Project managers working on agile projects know that they need to step back and let the team organize their work, resolve issues, and make decisions for themselves. This can be hard to do as the temptation is to “help” by organizing and directing people to achieve the project goals. However, this is not help at all as when the team has authority to make local decisions a step improvement in ownership and productivity occurs. The jury-is-in on this idea; teams should be empowered to make decisions; people volunteer for work and take responsibility for delivery. We tap into individual’s capability to manage complexity and create a more rewarding environment for working.
However, project managers need to do more than the proverbial buy-pizza-and-keep-out-the-way. They should be removing impediments, providing resources, growing the team, communicating the project vision to stakeholders, and a host of other valuable tasks. One of which is stepping in to work more directly with the team if a major problem is encountered or impending. For example if the velocity of feature delivery is tracking too slowly over a number of iterations to meet the minimum required feature set by the project end date then something has to happen. Or, a business change or competitor product launch threatens the ROI of the project, clearly intervention is required.
Initially this balance between interfering and intervening can seem difficult to call. Should your alarm bells go off if team velocity drops one iteration? Should the team alone respond to external threats to project ROI? No and No. Fortunately there is a useful concept to help project managers make the right decision on when to step back and when to step in; and I am grateful to David Anderson for pointing me towards the work of W. Edwards Demming to understand this concept.
Deming promoted an idea that he called the Theory of Profound Knowledge (I guess he was not a modest guy) that talked about the variation that happens in a process.
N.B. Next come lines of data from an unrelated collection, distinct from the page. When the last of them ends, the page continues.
lemma det_last_row_ones:
  assumes A: "A \<in> carrier_mat (Suc k) (Suc k)" and ones: "\<And>j. j < Suc k \<Longrightarrow> A $$ (k, j) = 1"
  shows "det A = det (mat k k (\<lambda>(i, j). A $$ (i, j) - A $$ (i, k)))"
proof -
  define Z where
    "Z = mat (Suc k) (Suc k) (\<lambda>(i, j). if j = k then A $$ (i, k) else A $$ (i, j) - A $$ (i, k))"
  define U where "U = mat (Suc k) (Suc k) (\<lambda>(i, j). if i = j \<or> (i = k \<and> j < k) then 1 else (0::'a))"
  have "A = Z * U"
  proof (rule eq_matI)
    fix i j assume "i < dim_row (Z * U)" and "j < dim_col (Z * U)"
    then have i: "i < Suc k" and j: "j < Suc k" by (auto simp: Z_def U_def)
    have "(Z * U) $$ (i, j) = (\<Sum>l<Suc k. Z $$ (i, l) * U $$ (l, j))"
      using i j by (simp add: Z_def U_def scalar_prod_def lessThan_atLeast0)
    also have "\<dots> = (\<Sum>l<Suc k. (if l = j then Z $$ (i, l) else 0)
        + (if l = k \<and> j \<noteq> k then Z $$ (i, l) else 0))"
      by (rule sum.cong[OF refl]) (use j in \<open>auto simp: U_def\<close>)
    also have "\<dots> = A $$ (i, j)"
      using i j by (simp add: sum.distrib Z_def)
    finally show "A $$ (i, j) = (Z * U) $$ (i, j)" by simp
  qed (use A in \<open>auto simp: Z_def U_def\<close>)
  moreover have "det U = 1"
  proof -
    have "diag_mat U = replicate (Suc k) 1"
      by (rule nth_equalityI) (auto simp: U_def diag_mat_def simp del: upt_Suc replicate_Suc)
    then show ?thesis
      by (subst det_lower_triangular[where n = "Suc k"]) (auto simp: U_def)
  qed
  ultimately have "det A = det Z"
    using det_mult[of Z "Suc k" U] by (simp add: Z_def U_def)
  also have "\<dots> = det (mat k k (\<lambda>(i, j). A $$ (i, j) - A $$ (i, k)))"
    by (subst det_last_row_diagonal[of _ k]) (auto simp: Z_def ones intro!: arg_cong[where f = det])
  finally show ?thesis .
qed

lemma det_diagonal_similar:
  assumes A: "A \<in> carrier_mat n n" and B: "B \<in> carrier_mat n n"
    and nonzero: "\<And>i. i < n \<Longrightarrow> (a i :: 'a :: field) \<noteq> 0"
    and entries: "\<And>i j. i < n \<Longrightarrow> j < n \<Longrightarrow> B $$ (i, j) = A $$ (i, j) * a j / a i"
  shows "det B = det A"
  unfolding det_def'[OF A] det_def'[OF B]
proof (rule sum.cong[OF refl])
  fix p assume "p \<in> {p. p permutes {0..<n}}"
  then have p: "p permutes {0..<n}" by simp
  then have "(\<Prod>i = 0..<n. a (p i)) = (\<Prod>i = 0..<n. a i)"
    using prod.permute[of p "{0..<n}" a] by (simp add: comp_def)
  moreover have "(\<Prod>i = 0..<n. a i) \<noteq> 0" using nonzero by simp
  moreover have "(\<Prod>i = 0..<n. B $$ (i, p i)) =
      (\<Prod>i = 0..<n. A $$ (i, p i)) * (\<Prod>i = 0..<n. a (p i)) / (\<Prod>i = 0..<n. a i)"
    using p by (simp add: entries permutes_in_image prod.distrib prod_dividef)
  ultimately show "signof p * (\<Prod>i = 0..<n. B $$ (i, p i)) = signof p * (\<Prod>i = 0..<n. A $$ (i, p i))"
    by simp
qed

definition unit_R_entry :: "real \<Rightarrow> real \<Rightarrow> nat \<Rightarrow> nat \<Rightarrow> real" where
  "unit_R_entry \<gamma> \<delta> i j =
     (if (i, j) = (0, 1) then \<delta> else if (i, j) = (1, 0) then 1 / \<delta>
      else if (i, j) = (2, 3) then \<gamma> else if (i, j) = (3, 2) then 1 / \<gamma> else 1)"

definition C_mat :: "real \<Rightarrow> real \<Rightarrow> nat \<Rightarrow> real \<Rightarrow> real mat" where
  "C_mat \<gamma> \<delta> N t = mat N N (\<lambda>(i, j). unit_R_entry \<gamma> \<delta> i j - (if i = j then t else 0))"

definition E_mat :: "real \<Rightarrow> real \<Rightarrow> nat \<Rightarrow> real \<Rightarrow> real mat" where
  "E_mat \<gamma> \<delta> N t = mat N N (\<lambda>(i, j). unit_R_entry \<gamma> \<delta> i j - 1 - (if i = j then t else 0))"

lemma unit_R_entry_outside: "4 \<le> i \<or> 4 \<le> j \<Longrightarrow> unit_R_entry \<gamma> \<delta> i j = 1"
  by (auto simp: unit_R_entry_def)

lemma R_mat_entry_rescale:
  assumes "i < n" "j < n" and pos: "\<And>k. 1 \<le> k \<Longrightarrow> k < n \<Longrightarrow> x k > 0"
    and "\<gamma> \<noteq> 0" "\<delta> \<noteq> 0"
  shows "R_mat n x \<gamma> \<delta> $$ (i, j) = unit_R_entry \<gamma> \<delta> i j * xx x j / xx x i"
proof -
  have "xx x k \<noteq> 0" if "k < n" for k
    using pos[of k] that by (cases "k = 0") (auto simp: xx_def)
  then show ?thesis
    using assms by (auto simp: R_mat_def unit_R_entry_def xx_def)
qed

lemma det_E_mat_step:
  assumes "4 \<le> k" shows "det (E_mat \<gamma> \<delta> (Suc k) t) = - t * det (E_mat \<gamma> \<delta> k t)"
proof -
  have "det (E_mat \<gamma> \<delta> (Suc k) t) =
      E_mat \<gamma> \<delta> (Suc k) t $$ (k, k) * det (mat k k (\<lambda>(i, j). E_mat \<gamma> \<delta> (Suc k) t $$ (i, j)))"
    by (rule det_last_row_diagonal) (use assms in \<open>auto simp: E_mat_def unit_R_entry_outside\<close>)
  also have "mat k k (\<lambda>(i, j). E_mat \<gamma> \<delta> (Suc k) t $$ (i, j)) = E_mat \<gamma> \<delta> k t"
    by (rule eq_matI) (auto simp: E_mat_def)
  finally show ?thesis using assms by (simp add: E_mat_def unit_R_entry_outside)
qed

lemma det_E_mat: "det (E_mat \<gamma> \<delta> (4 + m) t) = (- t) ^ m * det (E_mat \<gamma> \<delta> 4 t)"
proof (induction m)
  case (Suc m)
  then show ?case using det_E_mat_step[of "4 + m" \<gamma> \<delta> t] by simp
qed simp

lemma det_C_mat_step:
  assumes k: "4 \<le> k"
  shows "det (C_mat \<gamma> \<delta> (Suc k) t) = - t * det (C_mat \<gamma> \<delta> k t) + det (E_mat \<gamma> \<delta> k t)"
proof -
  define upper where "upper i j = unit_R_entry \<gamma> \<delta> i j - (if i = j then t else 0)" for i j
  define Ones where "Ones = mat (Suc k) (Suc k) (\<lambda>(i, j). if i = k then 1 else upper i j)"
  define Diag where
    "Diag = mat (Suc k) (Suc k) (\<lambda>(i, j). if i = k then (if j = k then - t else 0) else upper i j)"
  have "det (C_mat \<gamma> \<delta> (Suc k) t) = det Ones + det Diag"
    by (rule det_last_row_add)
      (use k in \<open>auto simp: Ones_def Diag_def C_mat_def upper_def unit_R_entry_outside\<close>)
  moreover have "det Diag = - t * det (C_mat \<gamma> \<delta> k t)"
  proof -
    have "det Diag = Diag $$ (k, k) * det (mat k k (\<lambda>(i, j). Diag $$ (i, j)))"
      by (rule det_last_row_diagonal) (auto simp: Diag_def)
    also have "mat k k (\<lambda>(i, j). Diag $$ (i, j)) = C_mat \<gamma> \<delta> k t"
      by (rule eq_matI) (auto simp: Diag_def C_mat_def upper_def)
    finally show ?thesis by (simp add: Diag_def)
  qed
  moreover have "det Ones = det (E_mat \<gamma> \<delta> k t)"
  proof -
    have "det Ones = det (mat k k (\<lambda>(i, j). Ones $$ (i, j) - Ones $$ (i, k)))"
      by (rule det_last_row_ones) (auto simp: Ones_def)
    also have "mat k k (\<lambda>(i, j). Ones $$ (i, j) - Ones $$ (i, k)) = E_mat \<gamma> \<delta> k t"
      by (rule eq_matI) (use k in \<open>auto simp: Ones_def E_mat_def upper_def unit_R_entry_outside\<close>)
    finally show ?thesis .
  qed
  ultimately show ?thesis by simp
qed

lemma det_C_mat:
  "det (C_mat \<gamma> \<delta> (4 + m) t) =
     (- t) ^ m * det (C_mat \<gamma> \<delta> 4 t) + real m * (- t) ^ (m - 1) * det (E_mat \<gamma> \<delta> 4 t)"
proof (induction m)
  case (Suc m)
  have "det (C_mat \<gamma> \<delta> (4 + Suc m) t) =
      - t * det (C_mat \<gamma> \<delta> (4 + m) t) + det (E_mat \<gamma> \<delta> (4 + m) t)"
    using det_C_mat_step[of "4 + m"] by simp
  also have "\<dots> =
      (- t) ^ Suc m * det (C_mat \<gamma> \<delta> 4 t) + real (Suc m) * (- t) ^ m * det (E_mat \<gamma> \<delta> 4 t)"
    unfolding Suc det_E_mat by (cases m) (simp_all add: algebra_simps)
  finally show ?case by simp
qed simp

lemma det_C_mat_4:
  assumes "\<gamma> \<noteq> 0" "\<delta> \<noteq> 0"
  shows "det (C_mat \<gamma> \<delta> 4 t) =
    t^4 - 4 * t^3 - 2 * (\<gamma> + \<delta> + 1/\<gamma> + 1/\<delta> - 4) * t - (\<gamma> - 1)^2 * (\<delta> - 1)^2 / (\<gamma> * \<delta>)"
proof -
  have four: "(4::nat) = Suc (Suc (Suc (Suc 0)))" by simp
  show ?thesis
    using assms unfolding C_mat_def four
    by (simp add: det_mat_Suc_row0 unit_R_entry_def lessThan_Suc, simp add: field_simps)
      (simp add: algebra_simps power2_eq_square eval_nat_numeral)
qed

lemma det_E_mat_4:
  assumes "\<gamma> \<noteq> 0" "\<delta> \<noteq> 0"
  shows "det (E_mat \<gamma> \<delta> 4 t) =
    t^4 + (\<gamma> + \<delta> + 1/\<gamma> + 1/\<delta> - 4) * t^2 + (\<gamma> - 1)^2 * (\<delta> - 1)^2 / (\<gamma> * \<delta>)"
proof -
  have four: "(4::nat) = Suc (Suc (Suc (Suc 0)))" by simp
  show ?thesis
    using assms unfolding E_mat_def four
    by (simp add: det_mat_Suc_row0 unit_R_entry_def lessThan_Suc, simp add: field_simps)
      (simp add: algebra_simps power2_eq_square eval_nat_numeral)
qed

lemma det_C_mat_ge5:
  assumes "\<gamma> \<noteq> 0" "\<delta> \<noteq> 0" "5 \<le> n"
  defines "S \<equiv> \<gamma> + \<delta> + 1/\<gamma> + 1/\<delta> - 4" and "c \<equiv> (\<gamma> - 1)^2 * (\<delta> - 1)^2 / (\<gamma> * \<delta>)"
  shows "det (C_mat \<gamma> \<delta> n t) =
    (-1)^n * t^(n - 5) * (t^5 - real n * t^4 - (real n - 2) * S * t^2 - c * t - (real n - 4) * c)"
proof -
  define k where "k = n - 5"
  have n: "n = 4 + Suc k" using \<open>5 \<le> n\<close> by (simp add: k_def)
  define P where "P = t^4 - 4 * t^3 - 2 * S * t - c"
  define Q where "Q = t^4 + S * t^2 + c"
  have "det (C_mat \<gamma> \<delta> n t) = (- t) ^ Suc k * P + real (Suc k) * (- t) ^ k * Q"
    unfolding n det_C_mat P_def Q_def using assms by (simp add: det_C_mat_4 det_E_mat_4)
  also have "\<dots> = (-1)^k * t^k * (- t * P + real (Suc k) * Q)"
    by (simp only: power_Suc power_minus[of t k]) (simp add: ring_distribs mult_ac)
  also have "- t * P + real (Suc k) * Q =
      - (t^5 - real n * t^4 - (real n - 2) * S * t^2 - c * t - (real n - 4) * c)"
    unfolding P_def Q_def n by (simp add: algebra_simps power_numeral_reduce)
  finally show ?thesis by (simp add: n power_add algebra_simps)
qed

lemma det_char_R_mat:
  assumes pos: "\<And>k. 1 \<le> k \<Longrightarrow> k < n \<Longrightarrow> x k > 0" and "\<gamma> \<noteq> 0" "\<delta> \<noteq> 0"
  shows "det (R_mat n x \<gamma> \<delta> - t \<cdot>\<^sub>m 1\<^sub>m n) = det (C_mat \<gamma> \<delta> n t)"
proof (rule det_diagonal_similar[where a = "xx x"])
  show xx_nonzero: "xx x i \<noteq> 0" if "i < n" for i
    using pos[of i] that by (cases "i = 0") (auto simp: xx_def)
  show "(R_mat n x \<gamma> \<delta> - t \<cdot>\<^sub>m 1\<^sub>m n) $$ (i, j) =
      C_mat \<gamma> \<delta> n t $$ (i, j) * xx x j / xx x i"
    if "i < n" "j < n" for i j
    using that assms xx_nonzero[OF \<open>i < n\<close>]
    by (simp add: R_mat_entry_rescale C_mat_def field_simps)
qed (auto simp: C_mat_def)

theorem theorem4:
  fixes n :: nat and x :: "nat \<Rightarrow> real" and \<gamma> \<delta> :: real
  assumes "n \<ge> 4"
    and "\<And>i. 1 \<le> i \<Longrightarrow> i \<le> n - 1 \<Longrightarrow> x i > 0"
    and "\<gamma> > 0" and "\<delta> > 0" and "\<gamma> \<noteq> 1" and "\<delta> \<noteq> 1"
  defines "c \<equiv> (\<gamma> - 1)^2 * (\<delta> - 1)^2 / (\<gamma> * \<delta>)"
  shows "(5 \<le> n \<longrightarrow> (\<forall>t::real.
           det (R_mat n x \<gamma> \<delta> - t \<cdot>\<^sub>m 1\<^sub>m n) =
           (-1)^n * t^(n - 5) * (t^5 - real n * t^4
              - (real n - 2) * (\<gamma> + \<delta> + 1/\<gamma> + 1/\<delta> - 4) * t^2
              - c * t - (real n - 4) * c)))
       \<and> (n = 4 \<longrightarrow> (\<forall>t::real.
           det (R_mat n x \<gamma> \<delta> - t \<cdot>\<^sub>m 1\<^sub>m n) =
           t^4 - 4 * t^3 - 2 * (\<gamma> + \<delta> + 1/\<gamma> + 1/\<delta> - 4) * t - c))"
proof -
  have nonzero: "\<gamma> \<noteq> 0" "\<delta> \<noteq> 0" using assms(3,4) by simp_all
  have "det (R_mat n x \<gamma> \<delta> - t \<cdot>\<^sub>m 1\<^sub>m n) = det (C_mat \<gamma> \<delta> n t)" for t
    by (rule det_char_R_mat) (use assms(1,2) nonzero in auto)
  then show ?thesis
    using det_C_mat_ge5[OF nonzero] det_C_mat_4[OF nonzero] by (auto simp: c_def)
qed

end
If you consider repeatedly hitting a nail, you never hit it exactly the same way each time, there are some variations. Deming breaks variations into Common Cause Variation and Special Cause Variation. Sometimes you may hit it exactly square on and others it may be slightly off to one side – this is just Common Cause Variation. However, if you break your arm then try hitting the nail with your arm in a cast, or if you are forced to work in a dark then the variance of nail hitting now has a Special Cause Variation, caused by these external factors.
His point is that the project manager should accept common cause variation, but look to intervene on special cause variation. Which can be reworded as: avoid micromanagement and instead work at removing bottlenecks and impediments. Asking developers why they have not coded 5 features this week when then completed 5 features last week is failing to accept common cause variation – this stuff just varies a bit and is not perfectly linear.
So focussing a lot of effort on tracking conformance to a rigid plan is not the best use project management time. Instead, look externally and to the daily stand-up meeting when the team reports any issues, impediments or blockers to their work, these might be pointers to special cause variations that need to be resolved.
Deming goes on to say that there are only two types of mistake a project manager can make:
- To interfere with work that is varying within Common Cause Variation – this is micro management, like asking why the developers did not complete 5 features this week.
- Not interfering (trying to fix) when a Special Cause Variation is detected – this is lack of service – the PM must help fix these external issues.
Both of these mistakes lead to a reduction in team morale and seeing as the knowledge worker is largely driven by morale, since visible and tangible inventory is small, then projects really struggle when people are micromanaged or not serviced.
So when next trying to determine whether to step in and intervene or not, try classifying the issue as either Common Cause Variation or Special Cause Variation. If you can see the issue is really Common Cause variation then resist the temptation to meddle and instead reserve your energy for those Special Cause Variation issues.